WICG / lang-client-hint

Wouldn't it be nice if `Accept-Language` was a client hint?
Other
11 stars 7 forks source link

Explainer: The Lang Client Hint

Mike West, November 2018

(Note: This isn't a proposal that's well thought out, and stamped solidly with the Google Seal of Approval. It's a collection of interesting ideas for discussion, nothing more, nothing less.)

A Problem

User agents specify a set of languages as part of each HTTP request via the Accept-Languages header. This header's value is critical for some kinds of content negotiation, ideally allowing servers to give each user content in a language they prefer. My user agent sends a header along the lines of:

Accept-Language: en-US,en;q=0.9,de;q=0.8

This shows that I prefer content in English, but accept content in German as well. That's great for a few important use cases, but exposes quite a bit of entropy to the web at large, even though a small subset of sites I visit will actually use the information to improve my experience.

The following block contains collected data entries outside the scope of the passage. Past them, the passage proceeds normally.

lemma complexification_bounded_near_zero:
  assumes F_scaleR: "\<And>t x. x \<in> X \<Longrightarrow> F (seq_scaleR t x) = t * F x"
    and F_le: "\<And>x. x \<in> X \<Longrightarrow> F x \<le> C * minkowski V x" and "C \<ge> 0"
    and V: "openin T V" "zero_seq \<in> V"
  shows "\<exists>W. openin T W \<and> zero_seq \<in> W \<and>
           (\<forall>u\<in>W. cmod (complex_of_real (F u) - \<i> * complex_of_real (F (seq_smult \<i> u))) \<le> 2 * C)"
proof -
  have VX: "V \<subseteq> X" using openin_subset[OF V(1)] by simp
  have F_le_C: "F u \<le> C" if "u \<in> V" for u
    using F_le[of u] VX that minkowski_le_1[OF that] \<open>C \<ge> 0\<close> mult_left_le[of _ C] by fastforce
  have F_abs: "\<bar>F u\<bar> \<le> C" if "u \<in> V" "seq_smult (-1) u \<in> V" for u
    using F_le_C[OF that(1)] F_le_C[OF that(2)] F_scaleR[of u "-1"] VX that(1) by auto
  define W where "W = {u \<in> topspace T. u \<in> V} \<inter> {u \<in> topspace T. seq_smult (-1) u \<in> V}
     \<inter> {u \<in> topspace T. seq_smult \<i> u \<in> V} \<inter> {u \<in> topspace T. seq_smult (- \<i>) u \<in> V}"
  have "openin T W" unfolding W_def
    by (intro openin_Int openin_continuous_map_preimage[OF continuous_map_smult_const V(1)]
        openin_continuous_map_preimage[OF continuous_map_id V(1), unfolded id_def])
  moreover have "zero_seq \<in> W" unfolding W_def using V(2) by (simp add: seq_smult_zero)
  moreover have "cmod (complex_of_real (F u) - \<i> * complex_of_real (F (seq_smult \<i> u))) \<le> 2 * C"
    if "u \<in> W" for u
  proof -
    have u: "u \<in> V" "seq_smult (-1) u \<in> V" "seq_smult \<i> u \<in> V" "seq_smult (- \<i>) u \<in> V"
      using that unfolding W_def by auto
    have "seq_smult (-1) (seq_smult \<i> u) = seq_smult (- \<i>) u" by (simp add: seq_smult_def)
    then have "\<bar>F (seq_smult \<i> u)\<bar> \<le> C" using F_abs[OF u(3)] u(4) by simp
    moreover have "\<bar>F u\<bar> \<le> C" using F_abs u by blast
    moreover have "cmod (complex_of_real (F u) - \<i> * complex_of_real (F (seq_smult \<i> u)))
        \<le> cmod (complex_of_real (F u)) + cmod (\<i> * complex_of_real (F (seq_smult \<i> u)))"
      by (rule norm_triangle_ineq4)
    ultimately show ?thesis by (simp add: norm_mult)
  qed
  ultimately show ?thesis by blast
qed

lemma bounded_functional_extends:
  assumes Y: "Y \<subseteq> X" "zero_seq \<in> Y" "\<And>a b. a \<in> Y \<Longrightarrow> b \<in> Y \<Longrightarrow> seq_add a b \<in> Y"
      "\<And>c a. a \<in> Y \<Longrightarrow> seq_smult c a \<in> Y"
    and g_add: "\<And>a b. a \<in> Y \<Longrightarrow> b \<in> Y \<Longrightarrow> g (seq_add a b) = g a + g b"
    and g_smult: "\<And>c a. a \<in> Y \<Longrightarrow> g (seq_smult c a) = c * g a"
    and V: "openin T V" "zero_seq \<in> V" "seq_convex V"
    and "C > 0" and bound: "\<And>u. u \<in> V \<Longrightarrow> u \<in> Y \<Longrightarrow> cmod (g u) \<le> C"
  shows "\<exists>f\<in>cdual X T. \<forall>z\<in>Y. f z = g z"
proof -
  have Re_g_le: "Re (g u) \<le> C * minkowski V u" if "u \<in> Y" for u
  proof -
    have "Re (g u) / C \<le> minkowski V u"
    proof (rule minkowski_greatest[OF V(1,2)])
      show "u \<in> X" using that Y(1) by blast
      fix s assume s: "s > 0" "seq_scaleR (1 / s) u \<in> V"
      have "cmod (g u) / s = cmod (g (seq_scaleR (1 / s) u))"
        using g_smult[OF that] s(1) by (simp add: norm_mult norm_divide)
      also have "\<dots> \<le> C" using bound[OF s(2) Y(4)[OF that]] .
      finally have "Re (g u) \<le> C * s"
        using s(1) complex_Re_le_cmod[of "g u"] by (simp add: divide_le_eq)
      then show "Re (g u) / C \<le> s" using \<open>C > 0\<close> by (simp add: divide_le_eq mult.commute)
    qed
    then show ?thesis using \<open>C > 0\<close> by (simp add: divide_le_eq mult.commute)
  qed
  interpret sublinear_extension X Y "\<lambda>u. C * minkowski V u" "\<lambda>u. Re (g u)"
  proof
    show "\<And>x y. x \<in> X \<Longrightarrow> y \<in> X \<Longrightarrow> C * minkowski V (seq_add x y) \<le> C * minkowski V x + C * minkowski V y"
      using minkowski_add[OF V] \<open>C > 0\<close> by (simp add: distrib_left[symmetric])
    show "\<And>x t. x \<in> X \<Longrightarrow> 0 < t \<Longrightarrow> C * minkowski V (seq_scaleR t x) = t * (C * minkowski V x)"
      using minkowski_scaleR[OF V(1,2)] by simp
  qed (use Y add_in_X smult_in_X g_add g_smult Re_g_le in auto)
  obtain F where F_add: "\<And>x y. x \<in> X \<Longrightarrow> y \<in> X \<Longrightarrow> F (seq_add x y) = F x + F y"
    and F_scaleR: "\<And>t x. x \<in> X \<Longrightarrow> F (seq_scaleR t x) = t * F x"
    and F_le: "\<And>x. x \<in> X \<Longrightarrow> F x \<le> C * minkowski V x" and F_Y: "\<And>x. x \<in> Y \<Longrightarrow> F x = Re (g x)"
    using Hahn_Banach by blast
  define f where "f z = complex_of_real (F z) - \<i> * complex_of_real (F (seq_smult \<i> z))" for z
  note f_linear = complexification_linear[where f = f, OF F_add F_scaleR f_def]
  obtain W where W: "openin T W" "zero_seq \<in> W" "\<And>u. u \<in> W \<Longrightarrow> cmod (f u) \<le> 2 * C"
    using complexification_bounded_near_zero[OF F_scaleR F_le _ V(1,2)] \<open>C > 0\<close> unfolding f_def by auto
  have "continuous_map T euclidean f"
    using continuous_map_if_bounded_near_zero[OF f_linear W] .
  then have "f \<in> cdual X T" unfolding cdual_def using f_linear by blast
  moreover have "f z = g z" if "z \<in> Y" for z
    using F_Y[OF that] F_Y[OF Y(4)[OF that]] g_smult[OF that, of \<i>] unfolding f_def
    by (simp add: complex_eq_iff)
  ultimately show ?thesis by blast
qed

lemma sigma_mean_delta_tendsto:
  assumes "limitin T (avg_section p q (delta j)) (delta j) sequentially"
  shows "sigma_mean p q (delta j) y \<longlonglongrightarrow> y j"
proof -
  have "(\<lambda>n. avg_section p q (delta j) n j) \<longlonglongrightarrow> 1"
    using continuous_map_limit[OF continuous_map_coord assms, of j] by (simp add: o_def delta_def)
  from tendsto_mult_left[OF this, of "y j"] show ?thesis
    unfolding sigma_mean_delta[abs_def] by simp
qed

lemma exists_cdual_with_coeffs:
  assumes "phi \<subseteq> X" and sigma_K: "has_sigma_K p q T (T closure_of phi)"
    and y: "y \<in> d_dual p q (T closure_of phi)"
  shows "\<exists>f\<in>cdual X T. \<forall>j. f (delta j) = y j"
proof -
  define Y where "Y = T closure_of phi"
  have Y_closed: "closedin T Y" and YX: "Y \<subseteq> X" and phiY: "phi \<subseteq> Y"
    unfolding Y_def using closure_of_subset[of phi T] \<open>phi \<subseteq> X\<close> closure_of_subset_topspace[of T phi]
    by auto
  have Y_add: "seq_add a b \<in> Y" if "a \<in> Y" "b \<in> Y" for a b
    using closure_of_closed_add[OF seq_add_in_phi] that unfolding Y_def by blast
  have Y_smult: "seq_smult c a \<in> Y" if "a \<in> Y" for a c
    using closure_of_closed_smult[OF seq_smult_in_phi] that unfolding Y_def by blast
  have zero_Y: "zero_seq \<in> Y" using phiY zero_seq_in_phi by blast
  define g where "g z = lim (sigma_mean p q z y)" for z
  have g_lim: "sigma_mean p q z y \<longlonglongrightarrow> g z" if "z \<in> Y" for z
  proof -
    have "(\<lambda>j. y j * z j) \<in> sigma_s p q" using y that unfolding d_dual_def Y_def by blast
    then show ?thesis
      unfolding mult_mem_sigma_s_iff sigma_mean_commute[of p q y] g_def by (simp add: convergent_LIMSEQ_iff)
  qed
  have g_add: "g (seq_add a b) = g a + g b" if "a \<in> Y" "b \<in> Y" for a b
  proof (rule LIMSEQ_unique[OF g_lim[OF Y_add[OF that]]])
    show "sigma_mean p q (seq_add a b) y \<longlonglongrightarrow> g a + g b"
      unfolding sigma_mean_add[abs_def] by (rule tendsto_add[OF g_lim g_lim]) fact+
  qed
  have g_smult: "g (seq_smult c a) = c * g a" if "a \<in> Y" for a c
  proof (rule LIMSEQ_unique[OF g_lim[OF Y_smult[OF that]]])
    show "sigma_mean p q (seq_smult c a) y \<longlonglongrightarrow> c * g a"
      unfolding sigma_mean_smult[abs_def] by (rule tendsto_mult_left[OF g_lim[OF that]])
  qed
  have g_delta: "g (delta j) = y j" for j
  proof -
    have dY: "delta j \<in> Y" using phiY delta_in_phi by blast
    then have "limitin T (avg_section p q (delta j)) (delta j) sequentially"
      using sigma_K unfolding has_sigma_K_def Y_def by blast
    then show ?thesis by (rule LIMSEQ_unique[OF g_lim[OF dY] sigma_mean_delta_tendsto])
  qed
  obtain V C where V: "openin T V" "zero_seq \<in> V" "seq_convex V" and "0 < C"
    and bound: "\<forall>u\<in>V \<inter> Y. cmod (g u) \<le> C"
    using sigma_limit_bounded_near_zero[where g = g, OF Y_closed zero_Y Y_add g_lim] by blast
  then obtain f where f: "f \<in> cdual X T" "\<forall>z\<in>Y. f z = g z"
    using bounded_functional_extends[OF YX zero_Y Y_add Y_smult g_add g_smult V] by blast
  then show ?thesis using g_delta phiY delta_in_phi by (metis subsetD)
qed

lemma cdual_coeffs_in_d_dual:
  assumes "phi \<subseteq> X" and sigma_K: "has_sigma_K p q T (T closure_of phi)" and f: "f \<in> cdual X T"
  shows "(\<lambda>j. f (delta j)) \<in> d_dual p q (T closure_of phi)"
  unfolding d_dual_def mult_mem_sigma_s_iff
proof (intro CollectI ballI)
  fix z assume "z \<in> T closure_of phi"
  then have "limitin T (avg_section p q z) z sequentially" using sigma_K unfolding has_sigma_K_def by blast
  moreover have "continuous_map T euclidean f" using f unfolding cdual_def by blast
  ultimately have "(\<lambda>n. f (avg_section p q z n)) \<longlonglongrightarrow> f z"
    using continuous_map_limit by (fastforce simp: o_def)
  moreover have "f (avg_section p q z n) = sigma_mean p q z (\<lambda>j. f (delta j)) n" for n
    using f \<open>phi \<subseteq> X\<close> unfolding cdual_def by (intro functional_avg_section) auto
  ultimately show "convergent (sigma_mean p q (\<lambda>j. f (delta j)) z)"
    unfolding sigma_mean_commute[of p q "\<lambda>j. f (delta j)"] by (auto intro: convergentI)
qed

lemma d_dual_d_dual_subset_DF_plus:
  assumes "phi \<subseteq> X" and "has_sigma_K p q T (T closure_of phi)"
  shows "d_dual p q (d_dual p q (T closure_of phi)) \<subseteq> DF_plus p q X T"
proof
  fix x assume x: "x \<in> d_dual p q (d_dual p q (T closure_of phi))"
  have "convergent (sigma_mean p q x (\<lambda>j. f (delta j)))" if "f \<in> cdual X T" for f
    using x cdual_coeffs_in_d_dual[OF assms that] unfolding d_dual_def mult_mem_sigma_s_iff by blast
  then show "x \<in> DF_plus p q X T" unfolding mem_DF_plus_iff by blast
qed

This document proposes that we deprecate that header, and move to an opt-in model which will reveal my language preferences to the specific sites that declare they can do something useful with it, while keeping them off the wire for the rest.

A Proposal

In the glorious future, servers will receive no information about the user's language preferences. Servers can instead opt-into receiving such information via a new Lang Client Hint. We might accomplish this as follows:

  1. Browsers should deprecate and eventually remove the Accept-Language header. In order to quickly realize some privacy gains without a lot of compatibility impact, the header could be locked to something genericly appropriate (perhaps based on typical language preferences for the user's rough, IP-based geolocation) as an intermediate step.

  2. Browsers should introduce a new Sec-CH-Lang header field, representing the users' language preferences. This would be a Structured Header whose value is a flat list of language codes in the users' preferred order. For example:

    Sec-CH-Lang: "en-US", "en", "de"
  3. Browsers should restrict the navigator.language and navigator.languages APIs to secure contexts, to match Client Hints' scope.

  4. Servers can opt-into the new Lang Client Hint by delivering an appropriate Accept-CH header in the usual way:

    Accept-CH: Lang, DPR, Width

    Note that Accept-CH is only accepted over secure transport: this proposal has the effect of deprecating language availability over plaintext entirely. Note also that only the top-level document's server can opt-into Client Hints. If third-parties require the data, it can be delegated to them via an appropriate Feature Policy.

FAQ

What about the first request? How will the server know what to do?

If the server absolutely requires language information to make a reasonable decision about what data to send to the user, it can do so by sending an Accept-CH header along with a 302 response, causing another navigation request, which will include the Sec-CH-Lang header.

Should we include the q weighting?

The Accept-Language header includes a weighting mechanism (e.g. the q=0.8 bits in the example above). A potential application of that is expressing equal preference for two or more languages, but the challenge of exposing such an option to users (compared to an ordered list) seems to make practical use unlikely. I'll blithely assert that q weighting can be removed without impact.

Wait a minute, I don't see this delegation stuff in the Client Hints spec...

Right. There are more than a few open PRs:

What's with the Sec-CH- prefix?

Based on some discussion in w3ctag/design-reviews#320, it seems reasonable to forbid access to these headers from JavaScript, and demarcate them as browser-controlled client hints so they can be documented and included in requests without triggering CORS preflights. A Sec-CH- prefix seems like a viable approach. This bit might shift as the broader Client Hints discussions above coalesce into something more solid that lands in specs.